In the early 1980’s, Taco Bell was typical of this kind. It was essentially a job shop operation. Nearly all food production was carried out on site: -
foodstuffs were prepared from their raw state;
food items such as ground beef for tacos were cooked for a period of several hours in vats; –
guacamole and other sauces were made-up;
beans were washed, cleaned and cooked;
Once these items were ready for sale, they were then assembled in response to a customer order. This meant that wait time at the cash register was 105 seconds on average, an even slower during peak periods.
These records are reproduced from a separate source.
text \<open>Conversely, if the minors do not vanish, a strictly positive relation puts the
  origin into the interior: the points are then affinely independent, and the
  interior of a simplex consists of its strictly positive convex combinations.\<close>
lemma positive_relation_imp_interior_hull:
  fixes w :: "nat \<Rightarrow> real^'n::{finite,linorder}"
  assumes n2: "2 \<le> CARD('n)" and nd: "\<forall>i\<le>CARD('n). minor w i \<noteq> 0"
    and mu_pos: "\<forall>i\<le>CARD('n). mu i > 0" and mu: "(\<Sum>i\<in>{0..CARD('n)}. mu i *\<^sub>R w i) = 0"
  shows "0 \<in> interior (convex hull (w ` {0..CARD('n)}))"
proof -
  let ?S = "w ` {0..CARD('n)}"
  let ?m = "\<Sum>i\<in>{0..CARD('n)}. mu i"
  have inj: "inj_on w {0..CARD('n)}"
    using nondegenerate_imp_inj[OF n2 nd] .
  have card_S: "card ?S = Suc DIM(real^'n::{finite,linorder})"
    using card_image[OF inj] by simp
  have m_pos: "?m > 0"
    using mu_pos by (intro sum_pos) auto
  have indep: "\<not> affine_dependent ?S"
  proof
    assume "affine_dependent ?S"
    then obtain U where U: "sum U ?S = 0" "\<exists>x\<in>?S. U x \<noteq> 0" "(\<Sum>x\<in>?S. U x *\<^sub>R x) = 0"
      using affine_dependent_explicit_finite[of ?S] by auto
    have U_sum: "(\<Sum>j\<in>{0..CARD('n)}. U (w j)) = 0"
      and U_rel: "(\<Sum>j\<in>{0..CARD('n)}. U (w j) *\<^sub>R w j) = 0"
      using U(1,3) by (simp_all add: sum.reindex[OF inj])
    have proportional: "U (w j) * mu 0 = mu j * U (w 0)" if "j \<le> CARD('n)" for j
      using linear_relation_unique[OF _ U_rel mu that] nd by simp
    have "0 = (\<Sum>j\<in>{0..CARD('n)}. U (w j) * mu 0)"
      using U_sum by (simp add: sum_distrib_right[symmetric])
    also have "\<dots> = ?m * U (w 0)"
      using proportional by (simp add: sum_distrib_right)
    finally have "U (w 0) = 0" using m_pos by simp
    then have "U (w j) = 0" if "j \<le> CARD('n)" for j
      using proportional[OF that] mu_pos that by auto
    then show False using U(2) by auto
  qed
  have "\<exists>u. (\<forall>x\<in>?S. 0 < u x) \<and> sum u ?S = 1 \<and> (\<Sum>x\<in>?S. u x *\<^sub>R x) = 0"
  proof (intro exI conjI)
    let ?u = "\<lambda>x. mu (the_inv_into {0..CARD('n)} w x) / ?m"
    have u_w: "?u (w j) = mu j / ?m" if "j \<in> {0..CARD('n)}" for j
      using that inj by (simp add: the_inv_into_f_f)
    show "\<forall>x\<in>?S. 0 < ?u x"
      using u_w mu_pos m_pos by auto
    have "sum ?u ?S = (\<Sum>j\<in>{0..CARD('n)}. mu j / ?m)"
      using u_w by (rule sum.reindex_cong[OF inj refl])
    then show "sum ?u ?S = 1"
      using m_pos by (simp add: sum_divide_distrib[symmetric])
    have "(\<Sum>x\<in>?S. ?u x *\<^sub>R x) = (\<Sum>j\<in>{0..CARD('n)}. (1 / ?m) *\<^sub>R (mu j *\<^sub>R w j))"
      by (rule sum.reindex_cong[OF inj refl]) (simp add: u_w)
    also have "\<dots> = (1 / ?m) *\<^sub>R (\<Sum>j\<in>{0..CARD('n)}. mu j *\<^sub>R w j)"
      by (simp add: scaleR_sum_right)
    also have "\<dots> = 0"
      using mu by simp
    finally show "(\<Sum>x\<in>?S. ?u x *\<^sub>R x) = 0" .
  qed
  then show ?thesis
    unfolding interior_simplex[OF indep card_S] by simp
qed

lemma sgn_prod: "sgn (prod f A) = (\<Prod>x\<in>A. sgn (f x :: 'a::linordered_idom))"
  by (induction A rule: infinite_finite_induct) (auto simp: sgn_mult)

lemma Sfun_scaled_degenerate:
  fixes v :: "nat \<Rightarrow> real^'n::{finite,linorder}"
  assumes "i \<le> CARD('n)" "minor v i = 0"
  shows "Sfun (\<lambda>j. c j *\<^sub>R v j) = 0"
  using interior_hull_imp_minor_nonzero[of "\<lambda>j. c j *\<^sub>R v j" i] assms
  by (auto simp: Sfun_eq minor_scaled)

lemma Sfun_scaled_interior:
  fixes v :: "nat \<Rightarrow> real^'n::{finite,linorder}"
  assumes "0 \<in> interior (convex hull ((\<lambda>j. c j *\<^sub>R v j) ` {0..CARD('n)}))"
  shows "Sfun (\<lambda>j. c j *\<^sub>R v j) = (\<Prod>s<CARD('n). sgn (c (Suc s))) * sgn (minor v 0)"
  using assms by (simp add: Sfun_eq minor_scaled skip_0 sgn_mult sgn_prod)

lemma minor_scaled_nonzero:
  fixes v :: "nat \<Rightarrow> real^'n::{finite,linorder}"
  assumes "\<forall>j\<le>CARD('n). c j \<noteq> 0" "i \<le> CARD('n)" "minor v i \<noteq> 0"
  shows "minor (\<lambda>j. c j *\<^sub>R v j) i \<noteq> 0"
  using assms by (auto simp: minor_scaled skip_def)

text \<open>The coefficients of Cramer's relation, rescaled by \<open>d\<^sub>0\<close> so that they are
  defined without division: \<open>\<lambda>\<^sub>i = (-1)\<^sup>i d\<^sub>i d\<^sub>0\<close>, so \<open>\<lambda>\<^sub>0 = d\<^sub>0\<^sup>2\<close>.\<close>
definition cramer_coeff :: "(nat \<Rightarrow> real^'n::{finite,linorder}) \<Rightarrow> nat \<Rightarrow> real" where
  "cramer_coeff v i = (-1)^i * minor v i * minor v 0"

lemma cramer_coeff_relation:
  fixes v :: "nat \<Rightarrow> real^'n::{finite,linorder}"
  shows "(\<Sum>i\<in>{0..CARD('n)}. cramer_coeff v i *\<^sub>R v i) = 0"
proof (cases "minor v 0 = 0")
  case False
  have "(\<Sum>i\<in>{0..CARD('n)}. cramer_coeff v i *\<^sub>R v i)
      = minor v 0 *\<^sub>R (\<Sum>i\<in>{0..CARD('n)}. ((-1)^i * minor v i) *\<^sub>R v i)"
    by (simp add: cramer_coeff_def scaleR_sum_right mult.commute)
  then show ?thesis using cramer_relation[OF False] by simp
qed (simp add: cramer_coeff_def)

lemma sgn_cramer_coeff_0:
  "minor v 0 \<noteq> 0 \<Longrightarrow> sgn (cramer_coeff v 0) = 1"
  by (simp add: cramer_coeff_def sgn_mult)

lemma sgn_cramer_coeff_sign:
  "minor v 0 \<noteq> 0 \<Longrightarrow> minor v i \<noteq> 0 \<Longrightarrow> sgn (cramer_coeff v i) \<in> {-1, 1}"
  by (auto simp: cramer_coeff_def sgn_mult sgn_if)

text \<open>Positive relations among the
  \<open>\<sigma>\<^sub>iv\<^sub>i\<close> are exactly re-signed multiples of Cramer's relation.\<close>
lemma interior_signed_hull_iff:
  fixes v :: "nat \<Rightarrow> real^'n::{finite,linorder}"
  assumes n2: "2 \<le> CARD('n)" and nd: "\<forall>i\<le>CARD('n). minor v i \<noteq> 0"
    and \<sigma>: "\<forall>i\<le>CARD('n). \<sigma> i \<in> {-1, 1}"
  shows "0 \<in> interior (convex hull ((\<lambda>i. \<sigma> i *\<^sub>R v i) ` {0..CARD('n)}))
     \<longleftrightarrow> (\<forall>i\<le>CARD('n). \<sigma> i = \<sigma> 0 * sgn (cramer_coeff v i))"
    (is "0 \<in> interior (convex hull (?w ` _)) \<longleftrightarrow> _")
proof
  assume "0 \<in> interior (convex hull (?w ` {0..CARD('n)}))"
  then obtain mu where mu_pos: "\<forall>i\<le>CARD('n). mu i > 0"
    and "(\<Sum>i\<in>{0..CARD('n)}. mu i *\<^sub>R ?w i) = 0"
    using interior_hull_imp_positive_relation by blast
  then have rel: "(\<Sum>i\<in>{0..CARD('n)}. (mu i * \<sigma> i) *\<^sub>R v i) = 0"
    by simp
  have coeff0: "sgn (cramer_coeff v 0) = 1"
    using nd by (simp add: sgn_cramer_coeff_0)
  show "\<forall>i\<le>CARD('n). \<sigma> i = \<sigma> 0 * sgn (cramer_coeff v i)"
  proof (intro allI impI)
    fix i assume i: "i \<le> CARD('n)"
    have "(mu i * \<sigma> i) * cramer_coeff v 0 = cramer_coeff v i * (mu 0 * \<sigma> 0)"
      using linear_relation_unique[OF _ rel cramer_coeff_relation i] nd by simp
    from arg_cong[OF this, of sgn]
    have "sgn (mu i) * sgn (\<sigma> i) * sgn (cramer_coeff v 0)
        = sgn (cramer_coeff v i) * (sgn (mu 0) * sgn (\<sigma> 0))"
      by (simp only: sgn_mult)
    moreover have "sgn (\<sigma> i) = \<sigma> i" "sgn (\<sigma> 0) = \<sigma> 0"
      using \<sigma> i by auto
    ultimately show "\<sigma> i = \<sigma> 0 * sgn (cramer_coeff v i)"
      using mu_pos i coeff0 by simp
  qed
next
  assume signs: "\<forall>i\<le>CARD('n). \<sigma> i = \<sigma> 0 * sgn (cramer_coeff v i)"
  have coeff_nonzero: "cramer_coeff v i \<noteq> 0" if "i \<le> CARD('n)" for i
    using nd that by (simp add: cramer_coeff_def)
  have nd_w: "\<forall>i\<le>CARD('n). minor ?w i \<noteq> 0"
  proof -
    have "\<forall>j\<le>CARD('n). \<sigma> j \<noteq> 0" using \<sigma> by auto
    then show ?thesis using nd minor_scaled_nonzero[of \<sigma>] by blast
  qed
  have "(\<Sum>i\<in>{0..CARD('n)}. \<bar>cramer_coeff v i\<bar> *\<^sub>R ?w i)
      = (\<Sum>i\<in>{0..CARD('n)}. \<sigma> 0 *\<^sub>R (cramer_coeff v i *\<^sub>R v i))"
  proof (rule sum.cong[OF refl])
    fix i assume "i \<in> {0..CARD('n)}"
    then have "\<sigma> i = \<sigma> 0 * sgn (cramer_coeff v i)"
      by (intro signs[rule_format]) simp
    then have "\<bar>cramer_coeff v i\<bar> * \<sigma> i = \<sigma> 0 * (\<bar>cramer_coeff v i\<bar> * sgn (cramer_coeff v i))"
      by (simp only: mult.left_commute)
    then show "\<bar>cramer_coeff v i\<bar> *\<^sub>R ?w i = \<sigma> 0 *\<^sub>R (cramer_coeff v i *\<^sub>R v i)"
      by (simp add: abs_mult_sgn)
  qed
  also have "\<dots> = 0"
    unfolding scaleR_sum_right[symmetric] cramer_coeff_relation by simp
  finally show "0 \<in> interior (convex hull (?w ` {0..CARD('n)}))"
    using coeff_nonzero by (intro positive_relation_imp_interior_hull[OF n2 nd_w]) auto
qed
This type of operations led to a number of management challenges. Staff had to be scheduled and organised in shifts so that they mainly prepared food items and cleaned the unit during slack periods, whilst they assembled orders and served customers during busy times. It was estimated that the restaurant manager spent an hour each day working on his crew schedule in order to match labour supply as closely as possible to potential demand, and thereby meet the company’s cost targets. Food cost control was also a priority, which meant that a great deal of time and effort went into ensuring no menu item was prepared in too small or too large a quantity. But the complexity of this operation, lead to quite wide variations in food quality, both within single units and between units in the chain. This was not helped by inconsistency in the quality of raw materials, which were mainly sourced locally.
The emphasis on in-house food production meant that that the ratio of kitchen to...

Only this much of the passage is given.